### PROBLEM:
If a line of the listing contains the string "notin", return that line.

### ENTRIES SHOWN:
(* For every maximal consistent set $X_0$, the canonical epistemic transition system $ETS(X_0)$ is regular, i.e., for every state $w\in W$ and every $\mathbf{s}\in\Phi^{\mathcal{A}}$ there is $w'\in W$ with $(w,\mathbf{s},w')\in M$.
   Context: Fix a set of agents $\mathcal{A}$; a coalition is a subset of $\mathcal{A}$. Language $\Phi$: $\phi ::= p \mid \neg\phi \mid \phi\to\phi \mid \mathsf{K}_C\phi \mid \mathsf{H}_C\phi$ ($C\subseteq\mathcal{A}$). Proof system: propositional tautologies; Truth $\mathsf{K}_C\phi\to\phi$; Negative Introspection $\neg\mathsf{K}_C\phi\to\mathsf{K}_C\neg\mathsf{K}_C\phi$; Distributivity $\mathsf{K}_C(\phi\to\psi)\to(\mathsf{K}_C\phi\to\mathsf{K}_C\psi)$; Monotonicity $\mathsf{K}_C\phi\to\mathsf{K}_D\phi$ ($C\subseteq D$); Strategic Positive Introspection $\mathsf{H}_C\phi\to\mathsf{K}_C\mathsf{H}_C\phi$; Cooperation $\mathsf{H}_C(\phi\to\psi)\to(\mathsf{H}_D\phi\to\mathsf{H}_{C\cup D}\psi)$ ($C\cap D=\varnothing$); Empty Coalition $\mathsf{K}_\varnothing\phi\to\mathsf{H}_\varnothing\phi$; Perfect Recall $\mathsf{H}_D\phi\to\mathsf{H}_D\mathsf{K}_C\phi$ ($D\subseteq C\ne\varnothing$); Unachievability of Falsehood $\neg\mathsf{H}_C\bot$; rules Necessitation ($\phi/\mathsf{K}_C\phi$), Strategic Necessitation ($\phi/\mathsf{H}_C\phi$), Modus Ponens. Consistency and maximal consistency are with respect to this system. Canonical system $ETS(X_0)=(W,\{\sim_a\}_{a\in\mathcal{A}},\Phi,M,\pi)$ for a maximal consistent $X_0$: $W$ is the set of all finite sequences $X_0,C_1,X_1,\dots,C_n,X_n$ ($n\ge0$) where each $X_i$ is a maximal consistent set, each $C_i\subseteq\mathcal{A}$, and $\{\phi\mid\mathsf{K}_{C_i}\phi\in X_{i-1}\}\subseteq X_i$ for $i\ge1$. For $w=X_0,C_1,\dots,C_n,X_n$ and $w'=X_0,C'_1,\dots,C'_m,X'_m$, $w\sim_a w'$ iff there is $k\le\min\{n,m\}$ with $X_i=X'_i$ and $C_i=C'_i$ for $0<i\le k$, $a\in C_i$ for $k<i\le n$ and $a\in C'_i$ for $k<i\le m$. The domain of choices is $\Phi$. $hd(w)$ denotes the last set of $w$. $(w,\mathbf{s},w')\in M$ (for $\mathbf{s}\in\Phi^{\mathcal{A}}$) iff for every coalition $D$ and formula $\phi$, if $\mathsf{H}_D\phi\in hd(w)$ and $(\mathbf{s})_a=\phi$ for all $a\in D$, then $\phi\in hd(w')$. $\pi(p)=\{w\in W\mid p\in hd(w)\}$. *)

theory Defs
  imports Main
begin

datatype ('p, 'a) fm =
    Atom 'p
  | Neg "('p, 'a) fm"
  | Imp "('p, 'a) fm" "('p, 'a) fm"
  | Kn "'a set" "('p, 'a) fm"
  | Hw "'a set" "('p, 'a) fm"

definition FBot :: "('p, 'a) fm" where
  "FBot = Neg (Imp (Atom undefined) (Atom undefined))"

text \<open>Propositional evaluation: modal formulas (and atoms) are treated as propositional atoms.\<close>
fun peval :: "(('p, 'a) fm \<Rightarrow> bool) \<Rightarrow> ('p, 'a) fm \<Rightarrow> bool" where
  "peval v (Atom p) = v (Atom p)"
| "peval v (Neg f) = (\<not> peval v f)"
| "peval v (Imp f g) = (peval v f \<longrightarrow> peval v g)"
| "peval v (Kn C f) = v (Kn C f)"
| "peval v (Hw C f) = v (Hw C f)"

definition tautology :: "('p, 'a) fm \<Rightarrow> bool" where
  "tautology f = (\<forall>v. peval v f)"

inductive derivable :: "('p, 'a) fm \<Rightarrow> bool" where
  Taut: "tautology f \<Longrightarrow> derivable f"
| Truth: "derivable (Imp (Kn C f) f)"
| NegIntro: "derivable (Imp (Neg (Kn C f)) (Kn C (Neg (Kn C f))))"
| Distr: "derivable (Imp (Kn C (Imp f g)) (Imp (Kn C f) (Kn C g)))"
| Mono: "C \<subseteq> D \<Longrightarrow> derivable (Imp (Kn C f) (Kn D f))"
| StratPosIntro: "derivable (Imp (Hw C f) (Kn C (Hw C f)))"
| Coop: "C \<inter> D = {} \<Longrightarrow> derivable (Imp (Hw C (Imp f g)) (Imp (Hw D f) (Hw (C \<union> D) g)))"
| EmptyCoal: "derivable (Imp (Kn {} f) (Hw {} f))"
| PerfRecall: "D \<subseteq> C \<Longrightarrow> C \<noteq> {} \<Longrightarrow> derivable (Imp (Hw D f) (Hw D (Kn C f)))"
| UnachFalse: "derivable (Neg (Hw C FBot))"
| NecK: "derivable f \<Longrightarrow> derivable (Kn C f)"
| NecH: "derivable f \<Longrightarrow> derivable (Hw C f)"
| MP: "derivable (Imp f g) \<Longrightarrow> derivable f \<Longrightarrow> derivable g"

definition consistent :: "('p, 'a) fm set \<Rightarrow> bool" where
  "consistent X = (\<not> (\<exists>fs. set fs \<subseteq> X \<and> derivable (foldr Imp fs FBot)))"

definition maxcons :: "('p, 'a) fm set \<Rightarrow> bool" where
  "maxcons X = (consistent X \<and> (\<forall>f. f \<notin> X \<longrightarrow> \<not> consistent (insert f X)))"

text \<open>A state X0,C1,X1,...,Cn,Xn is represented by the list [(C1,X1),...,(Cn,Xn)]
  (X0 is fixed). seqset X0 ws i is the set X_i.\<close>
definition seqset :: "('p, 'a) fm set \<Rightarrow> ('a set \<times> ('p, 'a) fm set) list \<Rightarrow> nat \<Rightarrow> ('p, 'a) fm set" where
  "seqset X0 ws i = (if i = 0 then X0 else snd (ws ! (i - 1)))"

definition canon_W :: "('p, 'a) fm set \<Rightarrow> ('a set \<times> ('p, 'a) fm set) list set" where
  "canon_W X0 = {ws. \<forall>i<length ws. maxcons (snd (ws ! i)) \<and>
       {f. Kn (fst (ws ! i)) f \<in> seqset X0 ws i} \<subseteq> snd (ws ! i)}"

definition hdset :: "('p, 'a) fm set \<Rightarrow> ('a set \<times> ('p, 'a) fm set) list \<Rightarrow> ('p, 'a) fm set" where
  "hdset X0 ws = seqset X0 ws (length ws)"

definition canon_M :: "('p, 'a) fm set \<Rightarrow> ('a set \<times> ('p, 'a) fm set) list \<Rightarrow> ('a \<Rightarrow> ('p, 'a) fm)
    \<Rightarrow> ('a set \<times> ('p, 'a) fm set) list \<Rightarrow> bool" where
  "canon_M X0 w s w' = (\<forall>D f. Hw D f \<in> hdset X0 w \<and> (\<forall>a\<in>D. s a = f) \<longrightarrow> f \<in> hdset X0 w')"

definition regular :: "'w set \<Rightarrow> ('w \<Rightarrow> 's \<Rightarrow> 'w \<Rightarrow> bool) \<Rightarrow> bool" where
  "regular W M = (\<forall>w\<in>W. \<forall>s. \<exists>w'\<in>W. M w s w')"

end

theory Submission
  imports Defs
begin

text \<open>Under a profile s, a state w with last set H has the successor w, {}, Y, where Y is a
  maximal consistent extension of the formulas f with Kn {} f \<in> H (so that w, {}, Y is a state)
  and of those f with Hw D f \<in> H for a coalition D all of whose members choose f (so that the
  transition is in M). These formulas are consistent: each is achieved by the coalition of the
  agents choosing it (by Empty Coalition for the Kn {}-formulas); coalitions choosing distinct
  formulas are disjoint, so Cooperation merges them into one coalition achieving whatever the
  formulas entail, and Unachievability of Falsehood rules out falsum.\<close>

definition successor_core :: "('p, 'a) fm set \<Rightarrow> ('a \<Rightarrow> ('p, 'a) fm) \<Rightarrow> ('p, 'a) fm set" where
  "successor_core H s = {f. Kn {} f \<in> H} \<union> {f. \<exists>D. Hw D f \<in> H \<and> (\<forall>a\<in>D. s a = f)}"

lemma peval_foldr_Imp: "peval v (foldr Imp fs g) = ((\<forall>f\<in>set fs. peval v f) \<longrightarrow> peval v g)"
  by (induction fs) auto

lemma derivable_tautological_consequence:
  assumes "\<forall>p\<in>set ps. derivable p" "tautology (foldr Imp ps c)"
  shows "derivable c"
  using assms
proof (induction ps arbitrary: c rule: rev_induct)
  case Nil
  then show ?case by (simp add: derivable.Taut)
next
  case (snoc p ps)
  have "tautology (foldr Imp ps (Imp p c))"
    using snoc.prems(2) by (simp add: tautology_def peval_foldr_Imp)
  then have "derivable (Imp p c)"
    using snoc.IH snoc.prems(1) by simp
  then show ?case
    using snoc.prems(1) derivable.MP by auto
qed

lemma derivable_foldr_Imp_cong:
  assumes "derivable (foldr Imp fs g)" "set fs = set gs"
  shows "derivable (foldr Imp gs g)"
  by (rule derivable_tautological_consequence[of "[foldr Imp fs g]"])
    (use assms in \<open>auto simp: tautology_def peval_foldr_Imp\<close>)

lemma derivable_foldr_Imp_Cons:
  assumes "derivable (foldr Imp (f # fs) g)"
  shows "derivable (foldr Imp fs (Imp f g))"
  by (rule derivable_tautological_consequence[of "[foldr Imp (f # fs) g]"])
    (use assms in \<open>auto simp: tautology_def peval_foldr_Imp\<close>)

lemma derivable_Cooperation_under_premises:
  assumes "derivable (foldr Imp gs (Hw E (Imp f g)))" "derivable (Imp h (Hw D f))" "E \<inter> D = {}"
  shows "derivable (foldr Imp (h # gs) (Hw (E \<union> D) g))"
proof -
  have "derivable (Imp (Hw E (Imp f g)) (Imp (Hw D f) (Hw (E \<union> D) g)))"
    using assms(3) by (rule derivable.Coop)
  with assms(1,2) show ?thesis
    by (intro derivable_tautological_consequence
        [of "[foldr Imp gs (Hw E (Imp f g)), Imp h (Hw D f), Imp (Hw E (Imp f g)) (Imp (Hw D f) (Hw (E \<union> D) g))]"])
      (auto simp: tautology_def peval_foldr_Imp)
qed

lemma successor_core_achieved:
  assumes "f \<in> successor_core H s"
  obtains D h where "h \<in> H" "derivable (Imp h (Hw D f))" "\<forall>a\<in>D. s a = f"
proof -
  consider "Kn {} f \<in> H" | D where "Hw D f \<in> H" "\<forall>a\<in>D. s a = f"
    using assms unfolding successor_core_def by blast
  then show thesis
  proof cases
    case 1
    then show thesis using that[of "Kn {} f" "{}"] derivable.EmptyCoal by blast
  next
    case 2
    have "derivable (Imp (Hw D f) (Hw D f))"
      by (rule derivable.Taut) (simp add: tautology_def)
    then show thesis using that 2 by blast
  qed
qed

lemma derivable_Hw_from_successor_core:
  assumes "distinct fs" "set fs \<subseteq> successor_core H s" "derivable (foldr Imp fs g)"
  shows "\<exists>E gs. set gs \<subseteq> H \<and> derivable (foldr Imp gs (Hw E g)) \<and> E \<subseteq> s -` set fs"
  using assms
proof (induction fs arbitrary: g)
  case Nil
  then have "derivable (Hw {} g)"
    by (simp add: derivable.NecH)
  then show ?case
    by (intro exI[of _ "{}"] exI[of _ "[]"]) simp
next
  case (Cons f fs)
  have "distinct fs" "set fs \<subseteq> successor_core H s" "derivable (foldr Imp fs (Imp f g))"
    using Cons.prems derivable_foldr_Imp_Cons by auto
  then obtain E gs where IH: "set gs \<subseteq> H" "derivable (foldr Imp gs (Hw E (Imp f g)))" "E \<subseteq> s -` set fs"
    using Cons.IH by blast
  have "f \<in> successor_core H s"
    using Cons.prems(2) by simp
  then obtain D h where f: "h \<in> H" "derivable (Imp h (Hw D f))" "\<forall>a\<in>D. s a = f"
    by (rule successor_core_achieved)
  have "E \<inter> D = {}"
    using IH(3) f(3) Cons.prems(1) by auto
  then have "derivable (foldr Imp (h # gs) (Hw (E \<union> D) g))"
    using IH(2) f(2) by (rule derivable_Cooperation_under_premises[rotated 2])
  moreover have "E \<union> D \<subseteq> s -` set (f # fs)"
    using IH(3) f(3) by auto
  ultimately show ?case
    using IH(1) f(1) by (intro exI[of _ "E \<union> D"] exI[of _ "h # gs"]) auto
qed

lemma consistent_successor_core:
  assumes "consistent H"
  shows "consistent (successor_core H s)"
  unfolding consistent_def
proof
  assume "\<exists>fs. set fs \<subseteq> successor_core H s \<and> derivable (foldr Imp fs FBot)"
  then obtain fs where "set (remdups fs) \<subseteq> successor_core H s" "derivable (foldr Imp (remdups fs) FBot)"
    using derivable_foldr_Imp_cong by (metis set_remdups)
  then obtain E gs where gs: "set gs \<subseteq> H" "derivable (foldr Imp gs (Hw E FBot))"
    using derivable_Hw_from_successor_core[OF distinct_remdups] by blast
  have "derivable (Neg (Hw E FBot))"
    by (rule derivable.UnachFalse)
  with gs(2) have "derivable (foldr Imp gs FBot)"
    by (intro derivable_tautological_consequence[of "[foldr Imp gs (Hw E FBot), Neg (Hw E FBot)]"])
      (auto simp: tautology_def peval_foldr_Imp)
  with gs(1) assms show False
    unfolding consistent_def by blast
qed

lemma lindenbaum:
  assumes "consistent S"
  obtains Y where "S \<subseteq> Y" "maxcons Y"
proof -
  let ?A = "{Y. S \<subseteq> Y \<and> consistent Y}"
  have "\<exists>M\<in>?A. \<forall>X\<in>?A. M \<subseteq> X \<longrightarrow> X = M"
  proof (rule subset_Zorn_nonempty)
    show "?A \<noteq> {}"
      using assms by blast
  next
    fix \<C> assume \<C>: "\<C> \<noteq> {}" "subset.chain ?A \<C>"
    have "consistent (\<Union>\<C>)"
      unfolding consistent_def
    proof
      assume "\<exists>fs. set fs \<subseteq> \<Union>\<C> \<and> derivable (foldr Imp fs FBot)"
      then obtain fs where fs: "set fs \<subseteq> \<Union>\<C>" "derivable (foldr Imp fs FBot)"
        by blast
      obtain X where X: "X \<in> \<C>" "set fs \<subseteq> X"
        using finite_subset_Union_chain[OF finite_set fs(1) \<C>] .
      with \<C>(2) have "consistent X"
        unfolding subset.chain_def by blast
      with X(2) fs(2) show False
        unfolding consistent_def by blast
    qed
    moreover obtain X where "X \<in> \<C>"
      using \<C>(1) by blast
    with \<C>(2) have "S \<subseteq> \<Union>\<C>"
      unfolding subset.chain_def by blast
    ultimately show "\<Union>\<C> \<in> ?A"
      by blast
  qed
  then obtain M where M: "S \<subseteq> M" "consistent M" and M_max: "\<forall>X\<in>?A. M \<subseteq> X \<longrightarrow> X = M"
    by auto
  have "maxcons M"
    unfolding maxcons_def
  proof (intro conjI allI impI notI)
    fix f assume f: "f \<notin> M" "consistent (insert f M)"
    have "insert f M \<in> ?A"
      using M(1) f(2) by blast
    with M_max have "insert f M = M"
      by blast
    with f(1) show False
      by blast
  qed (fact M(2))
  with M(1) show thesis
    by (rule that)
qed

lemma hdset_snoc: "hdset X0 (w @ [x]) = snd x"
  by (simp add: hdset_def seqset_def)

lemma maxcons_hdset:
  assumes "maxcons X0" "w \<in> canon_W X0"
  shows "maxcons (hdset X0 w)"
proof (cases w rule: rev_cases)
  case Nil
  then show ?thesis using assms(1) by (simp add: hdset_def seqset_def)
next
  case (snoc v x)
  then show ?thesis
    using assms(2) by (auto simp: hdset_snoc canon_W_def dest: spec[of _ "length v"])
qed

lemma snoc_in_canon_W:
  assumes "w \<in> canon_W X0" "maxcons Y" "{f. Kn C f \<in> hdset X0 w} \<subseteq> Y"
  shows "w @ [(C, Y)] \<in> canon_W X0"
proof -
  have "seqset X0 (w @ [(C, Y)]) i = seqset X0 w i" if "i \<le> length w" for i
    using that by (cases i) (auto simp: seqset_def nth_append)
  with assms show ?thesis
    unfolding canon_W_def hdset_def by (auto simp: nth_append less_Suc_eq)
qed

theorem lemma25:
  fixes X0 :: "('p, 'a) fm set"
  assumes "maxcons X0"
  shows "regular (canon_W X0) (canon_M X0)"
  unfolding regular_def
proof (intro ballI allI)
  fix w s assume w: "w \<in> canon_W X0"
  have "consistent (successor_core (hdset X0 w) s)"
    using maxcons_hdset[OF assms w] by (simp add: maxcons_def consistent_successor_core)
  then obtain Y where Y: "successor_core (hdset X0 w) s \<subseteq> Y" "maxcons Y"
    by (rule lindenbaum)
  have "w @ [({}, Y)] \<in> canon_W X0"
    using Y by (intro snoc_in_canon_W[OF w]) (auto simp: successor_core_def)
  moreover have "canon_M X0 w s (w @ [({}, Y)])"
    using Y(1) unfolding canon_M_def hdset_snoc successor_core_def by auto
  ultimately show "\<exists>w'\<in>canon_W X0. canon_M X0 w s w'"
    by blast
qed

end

### ANSWER TO THIS PROBLEM:
  "maxcons X = (consistent X \<and> (\<forall>f. f \<notin> X \<longrightarrow> \<not> consistent (insert f X)))"
    fix f assume f: "f \<notin> M" "consistent (insert f M)"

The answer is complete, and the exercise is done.